Internet Explorer Market Share Drops To Almost 15% 423
glitch0 writes "Internet Explorer used to be the most prevalent browser with a market share that peaked at 88% in March of 2003. Now they're down to almost 15% due to stiff competition from Google, Mozilla, and even Apple. What implications does this have for the future of Microsoft?"
Re:none (Score:5, Interesting)
"I for one don't understand why they would really care that much."
Because it was (and still it can be, since it's bundled on Windows for free) a cornerstone on their lock-in strategy (along with Office and Exchange, and currently Sharepoint too). If they allow "the cloud" to reach the point when vendor lockin is not possible, Microsoft will have a very worrisome future.
Re:none (Score:4, Interesting)
Win8 will do well, IMO. It will come out coupled with touchscreens, on which it really does work well - certainly far better than 7. I'm going to get it just for the various improvements such as insanely quick boot times and a huge improvement to the taskbar's multi-screen usage. Do I care about the looks of the new start menu? Yes, but not enough for me to overlook the other improvements. Besides, someone, probably stardock, will modify Win8 to have a classic start menu again. Until then, I'll just use windows key+F.
For Microsoft? (Score:4, Interesting)
So why would Microsoft care? I can think of one reason -- as has been pointed out by others [xkcd.com], the more time people spend in a browser, the less they care about the underlying OS. When the user community is not dependent on a browser that's locked to a particular OS, the OS becomes less important, because you can run Chrome or Firefox or Opera on a lot of different platforms. Unlocking the browser from the OS is the first step -- causing a movement en-masse to a different operating system (or systems) is the next logical step. I would argue it is already happening.
So for the long term, if Microsoft isn't scared, they should be. I would expect over the next couple of years many attempts at embrace, extend, extinguish to get ...something... that everyone uses, locked into their one platform.

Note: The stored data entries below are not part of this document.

(* Let $k\ge 1$ and let $H$ be a connected $k$-regular $k$-edge-colorable graph with no loops or semi-edges (multiple ordinary edges allowed). Then there exists a connected simple $k$-regular $k$-edge-colorable graph $G$ and a vertex $u\in V(G)$ such that for every vertex $x\in V(H)$ and every bijection $\sigma:E_G(u)\to E_H(x)$ there exists a covering projection from $G$ to $H$ that maps $u$ to $x$ and agrees with $\sigma$ on $E_G(u)$.
   Context: $E_G(u)$ denotes the set of edges of $G$ incident with $u$. A graph is simple if it has no loops, no semi-edges and no multiple edges. A covering projection between graphs without loops and semi-edges is a map sending vertices to vertices and edges to edges, preserving incidences, such that for every edge $xy$ of the target its preimage is a perfect matching between the preimages of $x$ and $y$ (equivalently, it restricts to a bijection from $E_G(v)$ onto $E_H(f(v))$ for every vertex $v$). *)

theory Defs
  imports Main
begin

text \<open>Loops and semi-edges
are excluded by requiring every edge to have exactly two distinct ends;
parallel edges are allowed.\<close>

definition loopless_multigraph :: "'v set \<Rightarrow> 'e set \<Rightarrow> ('e \<Rightarrow> 'v set) \<Rightarrow> bool" where
  "loopless_multigraph V E ends \<longleftrightarrow> finite V \<and> finite E \<and>
     (\<forall>e\<in>E. ends e \<subseteq> V \<and> card (ends e) = 2)"

definition simple_graph :: "'v set \<Rightarrow> 'e set \<Rightarrow> ('e \<Rightarrow> 'v set) \<Rightarrow> bool" where
  "simple_graph V E ends \<longleftrightarrow> loopless_multigraph V E ends \<and> inj_on ends E"

definition incident_edges :: "'e set \<Rightarrow> ('e \<Rightarrow> 'v set) \<Rightarrow> 'v \<Rightarrow> 'e set" where
  "incident_edges E ends u = {e \<in> E. u \<in> ends e}"

definition regular :: "nat \<Rightarrow> 'v set \<Rightarrow> 'e set \<Rightarrow> ('e \<Rightarrow> 'v set) \<Rightarrow> bool" where
  "regular k V E ends \<longleftrightarrow> (\<forall>v\<in>V. card (incident_edges E ends v) = k)"

definition edge_colorable :: "nat \<Rightarrow> 'v set \<Rightarrow> 'e set \<Rightarrow> ('e \<Rightarrow> 'v set) \<Rightarrow> bool" where
  "edge_colorable k V E ends \<longleftrightarrow> (\<exists>c::'e \<Rightarrow> nat. (\<forall>e\<in>E. c e < k) \<and>
     (\<forall>v\<in>V. inj_on c (incident_edges E ends v)))"

definition adj_rel :: "'e set \<Rightarrow> ('e \<Rightarrow> 'v set) \<Rightarrow> ('v \<times> 'v) set" where
  "adj_rel E ends = {(x, y). \<exists>e\<in>E. ends e = {x, y}}"

definition connected_graph :: "'v set \<Rightarrow> 'e set \<Rightarrow> ('e \<Rightarrow> 'v set) \<Rightarrow> bool" where
  "connected_graph V E ends \<longleftrightarrow> V \<noteq> {} \<and> (\<forall>x\<in>V. \<forall>y\<in>V. (x, y) \<in> (adj_rel E ends)\<^sup>*)"

definition covering_projection ::
  "'v set \<Rightarrow> 'e set \<Rightarrow> ('e \<Rightarrow> 'v set) \<Rightarrow> 'w set \<Rightarrow> 'f set \<Rightarrow> ('f \<Rightarrow> 'w set)
   \<Rightarrow> ('v \<Rightarrow> 'w) \<Rightarrow> ('e \<Rightarrow> 'f) \<Rightarrow> bool" where
  "covering_projection VG EG endsG VH EH endsH fV fE \<longleftrightarrow>
     (\<forall>v\<in>VG. fV v \<in> VH) \<and> (\<forall>e\<in>EG. fE e \<in> EH) \<and>
     (\<forall>e\<in>EG. endsH (fE e) = fV ` endsG e) \<and>
     (\<forall>v\<in>VG. bij_betw fE (incident_edges EG endsG v) (incident_edges EH endsH (fV v)))"

end

theory Submission
  imports Defs "HOL-Combinatorics.Permutations" "HOL-Library.FuncSet"
begin

text \<open>
  Fix a proper edge colouring of H with colours \<open>0..<k\<close>.  Since H is k-regular, every vertex
  has exactly one edge of each colour, so colour j defines a fixed-point-free involution
  \<open>neighbour j\<close> of V(H).  A colour permutation \<rho> and a vertex x determine a covering of H in
  which the base edge of colour i goes to the edge of colour \<open>\<rho> i\<close> at x, and every bijection
  \<sigma> of the statement arises this way.  G runs all these coverings in parallel: it is the
  component of a base state in the graph whose colour-i edges join s to \<open>move i s\<close>, where a
  state records, for every pair (\<rho>, x), a current vertex of H (initially x), and \<open>move i\<close>
  replaces it by its \<open>neighbour (\<rho> i)\<close>.  Reading off the (\<rho>, x) coordinate is then the
  required covering projection.  A state also carries a set of colours toggled by \<open>move i\<close>,
  which makes the \<open>move i\<close> fixed-point-free and pairwise distinct, so G is simple.
\<close>

definition local_bijections_lift ::
  "'a set \<Rightarrow> 'b set \<Rightarrow> ('b \<Rightarrow> 'a set) \<Rightarrow> 'v set \<Rightarrow> 'e set \<Rightarrow> ('e \<Rightarrow> 'v set) \<Rightarrow> 'a \<Rightarrow> bool" where
  "local_bijections_lift VG EG endsG VH EH endsH u \<longleftrightarrow>
     (\<forall>x\<in>VH. \<forall>\<sigma>. bij_betw \<sigma> (incident_edges EG endsG u) (incident_edges EH endsH x) \<longrightarrow>
        (\<exists>fV fE. covering_projection VG EG endsG VH EH endsH fV fE \<and> fV u = x \<and>
           (\<forall>e\<in>incident_edges EG endsG u. fE e = \<sigma> e)))"

lemma incident_edges_subset: "incident_edges E ends v \<subseteq> E"
  by (auto simp: incident_edges_def)

lemma loopless_multigraph_ends_subset: "loopless_multigraph V E ends \<Longrightarrow> e \<in> E \<Longrightarrow> ends e \<subseteq> V"
  by (simp add: loopless_multigraph_def)

lemma sym_adj_rel: "sym (adj_rel E ends)"
  by (auto simp: adj_rel_def sym_def insert_commute)

lemma connected_graphI:
  assumes "u \<in> V" and "\<And>x. x \<in> V \<Longrightarrow> (u, x) \<in> (adj_rel E ends)\<^sup>*"
  shows "connected_graph V E ends"
  unfolding connected_graph_def
proof (intro conjI ballI)
  fix x y assume "x \<in> V" "y \<in> V"
  then have "(x, u) \<in> (adj_rel E ends)\<^sup>*" "(u, y) \<in> (adj_rel E ends)\<^sup>*"
    using assms(2) by (auto intro: symD[OF sym_rtrancl[OF sym_adj_rel]])
  then show "(x, y) \<in> (adj_rel E ends)\<^sup>*" by (rule rtrancl_trans)
qed (use assms(1) in blast)

definition relabel_ends :: "('a \<Rightarrow> 'c) \<Rightarrow> ('b \<Rightarrow> 'd) \<Rightarrow> 'b set \<Rightarrow> ('b \<Rightarrow> 'a set) \<Rightarrow> 'd \<Rightarrow> 'c set" where
  "relabel_ends \<alpha> \<beta> E ends e' = \<alpha> ` ends (inv_into E \<beta> e')"

context
  fixes V :: "'a set" and E :: "'b set" and ends :: "'b \<Rightarrow> 'a set"
    and \<alpha> :: "'a \<Rightarrow> 'c" and \<beta> :: "'b \<Rightarrow> 'd"
  assumes loopless: "loopless_multigraph V E ends" and inj_\<alpha>: "inj_on \<alpha> V" and inj_\<beta>: "inj_on \<beta> E"
begin

private abbreviation "ends' \<equiv> relabel_ends \<alpha> \<beta> E ends"

private lemmas ends_subset = loopless_multigraph_ends_subset[OF loopless]

lemma inv_into_relabel_edge: "e \<in> incident_edges E ends v \<Longrightarrow> inv_into E \<beta> (\<beta> e) = e"
  using inj_\<beta> by (simp add: incident_edges_def)

lemma relabel_ends_image: "e \<in> E \<Longrightarrow> ends' (\<beta> e) = \<alpha> ` ends e"
  using inj_\<beta> by (simp add: relabel_ends_def)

I mean, how else are they going to compete?
IE Is Commentary On MS (Score:2, Interesting)
Internet Explorer. A technology developed at the National Center for Supercomputing Applications, University of Illinois Champaign-Urbana, by NCSA staff programmer Eric Bina, improved by undergraduate (David Thompson, Marc Andreessen) and graduate computer science students, renamed Mosaic, was licensed by Spyglass (Spyglass Mosaic) and later licensed by Microsoft Corp. (Internet Explorer).
Yet again.
Microsoft Corp. had nothing to do at all with the development of the internet and neither the world wide web. They with little effort licensed a technology given their dollar reserves at the time. And true to form Microsoft Corp. could not and did not posses the necessary intelligence nor even comprehension to understand the technology which they had bought with their inflated dollars at the time.
Thus we have as exhibit A the Microsoft Lost Generation.
Who is the Father of the Microsoft Lost Generation?
LoL :D
Re:Really one a sample size of 1 website? (Score:4, Interesting)
After building this stuff for about 12 years now I have found that stuff is more likely to break in IE than other browsers. Firefox and Chrome over the last 2 years or so have rarely broken my sites with an update to any new version however IE7,8 and 9 have all had minor patches that broke completely standard behavior.
I know it seems like it should be breaking more often since they update so often but I have not run into that problem. Chrome updates especially I have never encountered something breaking. It updates all the time but since I don't have to care about the version number and it keeps itself, flash and some other stuff patched I recommend it to all my clients. By silently updating you don't have to worry about users updating their systems and you have far fewer security problems.
Re:Really one a sample size of 1 website? (Score:4, Interesting)
Except for the whole "IE9 doesnt run on XP, and IE10 doesnt run on ANY production Windows", yea, its wonderful. HOORAY for 3 platforms to support!
One of the reasons why I recommend chrome so heavily: Every one of my friends / clients / acquaintences running Chrome is on the same version of Chrome, Flash, and PDF plugins. Makes securing and troubleshooting them a zillion times easier, as well as instructing them to do anything since I dont have to guess what their UI looks like.